### Directions
Once the line with "(\<Sum>r. ennreal (pmf p r * descendant_bound" is found in the entries below, print it and each following line exactly, stopping after the line with "(\<Sum>r. ennreal (pmf p r * (\<Sum>i<k. cbar"; print nothing else.

== Exercise inputs

lemma hh_nonneg: "0 \<le> hh k d i r"
  unfolding hh_def Let_def using Gm_pos period_prod_pos least_prod_nonneg
  by (intro mult_nonneg_nonneg add_nonneg_nonneg sum_nonneg) (auto simp: xlow_eq_least_prod)

lemma cbar_nonneg: "0 \<le> cbar k d i"
  using Gm_pos greatest_prod_nonneg by (simp add: cbar_eq_greatest_prod)

lemma cc_nonneg: "0 \<le> cc k d i"
  using Gm_pos least_prod_nonneg by (simp add: cc_eq_least_prod)

lemma descendant_bound_nonneg: "0 \<le> descendant_bound r"
  by (simp add: descendant_bound_def cbar_nonneg hh_nonneg)

lemma descendant_count_le:
  "(\<Sum>l=1..r. real (\<Prod>t<l. d ((t + m) mod k))) \<le> descendant_bound r"
proof -
  have "(\<Sum>q<r. window_prod m (r - q)) = (\<Sum>l=1..r. window_prod m l)" by (rule sum_lessThan_diff_eq)
  then have "(\<Sum>l=1..r. real (\<Prod>t<l. d ((t + m) mod k))) = (\<Sum>q<r. window_prod m (r - q))"
    by (simp add: window_prod_def of_nat_prod)
  also have "\<dots> \<le> (\<Sum>q<r. cbar k d (r mod k) * Gm k d ^ r / xlow k d (q div k) (q mod k))"
  proof (rule sum_mono)
    fix q assume q: "q \<in> {..<r}"
    have pos: "0 < period_prod ^ (q div k) * least_prod (q mod k)"
      using period_prod_pos least_prod_pos[of "q mod k"] k_pos by simp
    have "window_prod m (r - q) \<le>
        period_prod ^ (r div k) * greatest_prod (r mod k) / (period_prod ^ (q div k) * least_prod (q mod k))"
      using window_prod_mult_least_prod_le[of q r m] q pos by (simp add: pos_le_divide_eq)
    then show "window_prod m (r - q) \<le> cbar k d (r mod k) * Gm k d ^ r / xlow k d (q div k) (q mod k)"
      by (simp add: cbar_mult_Gm_power xlow_eq_least_prod)
  qed
  also have "\<dots> = descendant_bound r"
    by (simp add: descendant_bound_def hh_eq_sum sum_distrib_left sum_distrib_right)
  finally show ?thesis .
qed

lemma sum_cc_expectation_eq:
  "(\<Sum>i<k. ennreal (cc k d i) * (\<integral>\<^sup>+ r. ennreal (Gm k d ^ r * Ind k i r) \<partial>measure_pmf p)) =
    (\<Sum>r. ennreal (pmf p r * real (min_descendants r)))"
proof -
  have "(\<Sum>i<k. ennreal (cc k d i) * (\<integral>\<^sup>+ r. ennreal (Gm k d ^ r * Ind k i r) \<partial>measure_pmf p)) =
      (\<Sum>r. ennreal (pmf p r * (\<Sum>i<k. cc k d i * (Gm k d ^ r * Ind k i r))))"
    by (rule sum_nn_integral_pmf_eq_suminf) (auto simp: cc_nonneg Ind_def Gm_pos less_imp_le)
  then show ?thesis by (simp add: sum_cc_Ind_eq)
qed

lemma sum_cbar_expectation_eq:
  "(\<Sum>i<k. ennreal (cbar k d i) * (\<integral>\<^sup>+ r. ennreal (hh k d i r * Ind k i r) \<partial>measure_pmf p)) =
    (\<Sum>r. ennreal (pmf p r * descendant_bound r))"
proof -
  have "(\<Sum>i<k. ennreal (cbar k d i) * (\<integral>\<^sup>+ r. ennreal (hh k d i r * Ind k i r) \<partial>measure_pmf p)) =
      (\<Sum>r. ennreal (pmf p r * (\<Sum>i<k. cbar k d i * (hh k d i r * Ind k i r))))"
    by (rule sum_nn_integral_pmf_eq_suminf) (auto simp: cbar_nonneg Ind_def hh_nonneg)
  then show ?thesis by (simp add: sum_cbar_Ind_eq)
qed
lemma channel_strategy:
  assumes "pdist S p" "\<forall>s\<in>S. channel I B (K s)"
  shows "channel (S \<rightarrow>\<^sub>E I) B (\<lambda>u y. \<Sum>s\<in>S. p s * K s (u s) y)"
proof -
  have p: "finite S" "\<forall>s\<in>S. 0 \<le> p s" "sum p S = 1" using assms(1) by (auto simp: pdist_def)
  then obtain s0 where "s0 \<in> S" by fastforce
  with assms(2) have "finite I" "finite B" by (auto simp: channel_def)
  have "(\<Sum>y\<in>B. \<Sum>s\<in>S. p s * K s (u s) y) = 1" if "u \<in> S \<rightarrow>\<^sub>E I" for u
  proof -
    have "(\<Sum>y\<in>B. \<Sum>s\<in>S. p s * K s (u s) y) = (\<Sum>s\<in>S. p s * (\<Sum>y\<in>B. K s (u s) y))"
      by (simp add: sum.swap[of _ B S] sum_distrib_left)
    also have "\<dots> = sum p S"
      using assms(2) that by (intro sum.cong) (auto simp: channel_def PiE_iff)
    finally show ?thesis using p(3) by simp
  qed
  moreover have "0 \<le> (\<Sum>s\<in>S. p s * K s (u s) y)" if "u \<in> S \<rightarrow>\<^sub>E I" "y \<in> B" for u y
    using assms(2) p(2) that by (intro sum_nonneg mult_nonneg_nonneg) (auto simp: channel_def PiE_iff)
  ultimately show ?thesis
    using p(1) \<open>finite I\<close> \<open>finite B\<close> by (simp add: channel_def finite_PiE)
qed

lemma constant_strategy_average_subset:
  "(\<lambda>i. \<Sum>s\<in>S. p s * f s i) ` I \<subseteq> (\<lambda>u. \<Sum>s\<in>S. p s * f s (u s)) ` (S \<rightarrow>\<^sub>E I)"
proof
  fix c assume "c \<in> (\<lambda>i. \<Sum>s\<in>S. p s * f s i) ` I"
  then obtain i where "i \<in> I" "c = (\<Sum>s\<in>S. p s * f s i)" by blast
  then show "c \<in> (\<lambda>u. \<Sum>s\<in>S. p s * f s (u s)) ` (S \<rightarrow>\<^sub>E I)"
    by (intro image_eqI[of _ _ "\<lambda>s\<in>S. i"]) auto
qed

lemma Min_strategy_average:
  fixes f :: "'s \<Rightarrow> 'i \<Rightarrow> real"
  assumes "finite S" "finite I" "I \<noteq> {}" "\<forall>s\<in>S. 0 \<le> p s"
  shows "Min ((\<lambda>u. \<Sum>s\<in>S. p s * f s (u s)) ` (S \<rightarrow>\<^sub>E I)) = (\<Sum>s\<in>S. p s * Min (f s ` I))"
proof (rule Min_eqI)
  show "finite ((\<lambda>u. \<Sum>s\<in>S. p s * f s (u s)) ` (S \<rightarrow>\<^sub>E I))"
    using assms(1,2) by (simp add: finite_PiE)
  show "(\<Sum>s\<in>S. p s * Min (f s ` I)) \<le> c" if "c \<in> (\<lambda>u. \<Sum>s\<in>S. p s * f s (u s)) ` (S \<rightarrow>\<^sub>E I)" for c
    using that assms(2,4) by (auto intro!: sum_mono mult_left_mono simp: PiE_iff)
  have "Min (f s ` I) \<in> f s ` I" for s using assms(2,3) by simp
  then have "\<forall>s\<in>S. \<exists>i. i \<in> I \<and> f s i = Min (f s ` I)" by (metis imageE)
  from bchoice[OF this] obtain g where g: "\<forall>s\<in>S. g s \<in> I \<and> f s (g s) = Min (f s ` I)"
    by blast
  then show "(\<Sum>s\<in>S. p s * Min (f s ` I)) \<in> (\<lambda>u. \<Sum>s\<in>S. p s * f s (u s)) ` (S \<rightarrow>\<^sub>E I)"
    by (intro image_eqI[of _ _ "restrict g S"] sum.cong) (auto simp: PiE_iff)
qed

====

### Exercise output
    (\<Sum>r. ennreal (pmf p r * descendant_bound r))"
proof -
  have "(\<Sum>i<k. ennreal (cbar k d i) * (\<integral>\<^sup>+ r. ennreal (hh k d i r * Ind k i r) \<partial>measure_pmf p)) =
      (\<Sum>r. ennreal (pmf p r * (\<Sum>i<k. cbar k d i * (hh k d i r * Ind k i r))))"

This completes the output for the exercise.